Data provided:
====
lemma log_le_mult_log_if_le_powr:
  fixes a b K :: real
  assumes "0 \<le> a" "a \<le> b powr K" "1 \<le> b" "0 \<le> K"
  shows "log 2 a \<le> K * log 2 b"
proof (cases "a = 0")
  case True
  then show ?thesis
    using assms by (simp add: log_def)
next
  case False
  then have "log 2 a \<le> log 2 (b powr K)"
    using assms by (subst log_le_cancel_iff) auto
  then show ?thesis
    using assms by (simp add: log_powr)
qed

subsection \<open>Fan encodings of sparse families\<close>

definition sparse_family :: "nat \<Rightarrow> 'a set set \<Rightarrow> bool" where
  "sparse_family r H \<longleftrightarrow>
     (\<forall>U\<in>H. finite U \<and> r \<le> card U) \<and> (\<forall>U\<in>H. \<forall>V\<in>H. U \<noteq> V \<longrightarrow> card (U \<inter> V) < r - 1)"

definition fan_core :: "nat \<Rightarrow> 'a set \<Rightarrow> 'a set" where
  "fan_core r U = (SOME X. X \<subseteq> U \<and> card X = r - 1)"

definition fan :: "nat \<Rightarrow> 'a set \<Rightarrow> 'a set set" where
  "fan r U = (\<lambda>y. insert y (fan_core r U)) ` (U - fan_core r U)"

definition fan_encoding :: "nat \<Rightarrow> 'a set set \<Rightarrow> 'a set set" where
  "fan_encoding r H = \<Union> (fan r ` H)"

lemma sparse_family_common_subset_eq:
  assumes "sparse_family r H" "U \<in> H" "V \<in> H" "X \<subseteq> U \<inter> V" "card X = r - 1"
  shows "U = V"
proof -
  have "finite (U \<inter> V)"
    using assms(1,2) unfolding sparse_family_def by auto
  then have "r - 1 \<le> card (U \<inter> V)"
    using assms(4,5) card_mono by metis
  then show ?thesis
    using assms(1-3) unfolding sparse_family_def by fastforce
qed

lemma fan_core:
  assumes "r \<le> card U"
  shows "fan_core r U \<subseteq> U" "card (fan_core r U) = r - 1"
proof -
  have "\<exists>X. X \<subseteq> U \<and> card X = r - 1"
    using assms by (meson diff_le_self le_trans obtain_subset_with_card_n)
  then have "fan_core r U \<subseteq> U \<and> card (fan_core r U) = r - 1"
    unfolding fan_core_def by (rule someI_ex)
  then show "fan_core r U \<subseteq> U" "card (fan_core r U) = r - 1"
    by auto
qed

lemma fan_subset: "S \<in> fan r U \<Longrightarrow> r \<le> card U \<Longrightarrow> S \<subseteq> U"
  using fan_core unfolding fan_def by blast

lemma card_fan_member:
  assumes "S \<in> fan r U" "r \<le> card U" "finite U" "1 \<le> r"
  shows "card S = r"
proof -
  obtain y where "y \<in> U - fan_core r U" "S = insert y (fan_core r U)"
    using assms(1) unfolding fan_def by auto
  moreover have "finite (fan_core r U)"
    using fan_core(1)[OF assms(2)] assms(3) finite_subset by auto
  ultimately show ?thesis
    using fan_core(2)[OF assms(2)] assms(4) by auto
qed

lemma card_fan_le: "finite U \<Longrightarrow> r \<le> card U \<Longrightarrow> card (fan r U) \<le> card U - (r - 1)"
  unfolding fan_def
  by (metis card_Diff_subset card_image_le fan_core finite_Diff finite_subset)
====
About this exercise:
For the lines from the one containing "U \<Longrightarrow> card" through the end of the listing above, output each exactly and leave out the rest.

Output for this exercise:
lemma card_fan_le: "finite U \<Longrightarrow> r \<le> card U \<Longrightarrow> card (fan r U) \<le> card U - (r - 1)"
  unfolding fan_def
  by (metis card_Diff_subset card_image_le fan_core finite_Diff finite_subset)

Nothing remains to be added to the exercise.